Before you create the cluster, you have to consider which server you want to use as the main (master).

Cluster network connectivity requirements:

  • Cluster members can be placed in different IP subnets/L3 networks (buildings, city etc.).
  • The network connectivity available for cluster synchronization must be 1Gbit/s for a 2-node cluster and 10Gbit/s for a multi-node cluster.
  • The network latency between nodes must not exceed 10ms.
We recommend that all the logs (sources) used in correlation use cases deployed on cluster, are pointed to the same Logmanager cluster member.
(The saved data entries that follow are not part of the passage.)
section \<open>Time averages of mixed powers of chi\<close>

text \<open>The extra phase makes the family closed under adding one frequency (see
  \<open>chi_mixed_power_Suc\<close>), which is what the inductions on \<open>n\<close> below need.\<close>

definition chi_mixed_power ::
    "nat \<Rightarrow> (nat \<Rightarrow> real) \<Rightarrow> (nat \<Rightarrow> real) \<Rightarrow> nat \<Rightarrow> nat \<Rightarrow> real \<Rightarrow> real \<Rightarrow> complex" where
  "chi_mixed_power n d E p q \<omega> t = chi n d E t ^ p * cnj (chi n d E t) ^ q * phase \<omega> t"

lemma continuous_on_chi_mixed_power [continuous_intros]:
  "continuous_on UNIV (chi_mixed_power n d E p q \<omega>)"
  unfolding chi_mixed_power_def by (intro continuous_intros)

lemma chi_mixed_power_diag:
  "chi_mixed_power n d E k k 0 t = complex_of_real (norm (chi n d E t) ^ (2 * k))"
proof -
  have "chi_mixed_power n d E k k 0 t = (chi n d E t * cnj (chi n d E t)) ^ k"
    by (simp add: chi_mixed_power_def power_mult_distrib)
  also have "\<dots> = complex_of_real (norm (chi n d E t) ^ 2) ^ k"
    by (simp only: complex_norm_square)
  finally show ?thesis
    by (simp add: power_mult)
qed

lemma chi_mixed_power_Suc:
  "chi_mixed_power (Suc n) d E k l \<omega> t =
    (\<Sum>p\<le>k. \<Sum>q\<le>l. complex_of_real (real (k choose p) * real (l choose q) * d n ^ (k - p + (l - q)))
      * chi_mixed_power n d E p q (\<omega> + (real (l - q) - real (k - p)) * E n) t)"
proof -
  define X where "X = chi n d E t"
  define D where "D = complex_of_real (d n)"
  define a where "a = phase (- E n) t"
  have "chi_mixed_power (Suc n) d E k l \<omega> t = (X + D * a) ^ k * (cnj X + D * cnj a) ^ l * phase \<omega> t"
    by (simp add: chi_mixed_power_def chi_Suc X_def D_def a_def)
  also have "\<dots> = (\<Sum>p\<le>k. \<Sum>q\<le>l. (of_nat (k choose p) * X ^ p * (D * a) ^ (k - p)) *
      (of_nat (l choose q) * cnj X ^ q * (D * cnj a) ^ (l - q)) * phase \<omega> t)"
    by (simp add: binomial_ring sum_distrib_left sum_distrib_right mult.assoc sum.swap[of _ "{..l}"])
  also have "\<dots> = (\<Sum>p\<le>k. \<Sum>q\<le>l. complex_of_real (real (k choose p) * real (l choose q) * d n ^ (k - p + (l - q)))
      * chi_mixed_power n d E p q (\<omega> + (real (l - q) - real (k - p)) * E n) t)"
  proof (intro sum.cong refl)
    fix p q
    have phases: "a ^ (k - p) * cnj a ^ (l - q) * phase \<omega> t = phase (\<omega> + (real (l - q) - real (k - p)) * E n) t"
      by (simp add: a_def cnj_phase phase_power phase_add algebra_simps)
    then show "(of_nat (k choose p) * X ^ p * (D * a) ^ (k - p)) *
        (of_nat (l choose q) * cnj X ^ q * (D * cnj a) ^ (l - q)) * phase \<omega> t =
      complex_of_real (real (k choose p) * real (l choose q) * d n ^ (k - p + (l - q)))
        * chi_mixed_power n d E p q (\<omega> + (real (l - q) - real (k - p)) * E n) t"
      by (simp add: chi_mixed_power_def X_def D_def power_mult_distrib power_add mult_ac
          flip: phases)
  qed
  finally show ?thesis .
qed

lemma avg_T_chi_mixed_power_Suc:
  "avg_T (chi_mixed_power (Suc n) d E k l \<omega>) =
    (\<lambda>T. \<Sum>p\<le>k. \<Sum>q\<le>l. complex_of_real (real (k choose p) * real (l choose q) * d n ^ (k - p + (l - q)))
      * avg_T (chi_mixed_power n d E p q (\<omega> + (real (l - q) - real (k - p)) * E n)) T)"
  by (simp add: ext[OF chi_mixed_power_Suc] fun_eq_iff avg_T_sum avg_T_mult_left continuous_intros)

lemma tendsto_avg_T_chi_mixed_power_zero:
  assumes "\<omega> \<notin> rat_span E n"
  shows "(avg_T (chi_mixed_power n d E p q \<omega>) \<longlongrightarrow> 0) at_top"
  using assms
proof (induction n arbitrary: p q \<omega>)
  case 0
  then have "\<omega> \<noteq> 0"
    by simp
  then show ?case
  proof (cases "p = 0 \<and> q = 0")
    case True
    with \<open>\<omega> \<noteq> 0\<close> show ?thesis
      using tendsto_avg_T_phase[of \<omega>] by (simp add: chi_mixed_power_def)
  next
    case False
    then have "chi_mixed_power 0 d E p q \<omega> = (\<lambda>t. 0)"
      by (auto simp: chi_mixed_power_def fun_eq_iff)
    then show ?thesis
      by (simp only: tendsto_avg_T_const)
  qed
next
  case (Suc n)
  have "(real (l - q) - real (k - p)) \<in> \<rat>" for k l p q :: nat
    by simp
  with Suc show ?case
    unfolding avg_T_chi_mixed_power_Suc
    by (intro tendsto_null_sum tendsto_mult_right_zero Suc.IH) (blast intro: rat_span_SucI)
qed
Both servers must be running. Each server must have its own IP address and set the allowed ports according to the schema: Communication of Logmanager.

Creating new cluster

Creating new cluster

On the server that you selected as the master, create the Cluster by clicking on the plus icon and enter the following information into the form Connect Node:

  • Hostname: Enter the name of the subordinate server.
  • IP address: Enter the IP address of the subordinate server.
  • User Name: Enter the administrator name of the subordinate server.
  • Password: Enter the administrator password of the subordinate server.

After a successful activation, the status of the connected server will be displayed in the overview.

Slave node will automatically reboot and connect to the master.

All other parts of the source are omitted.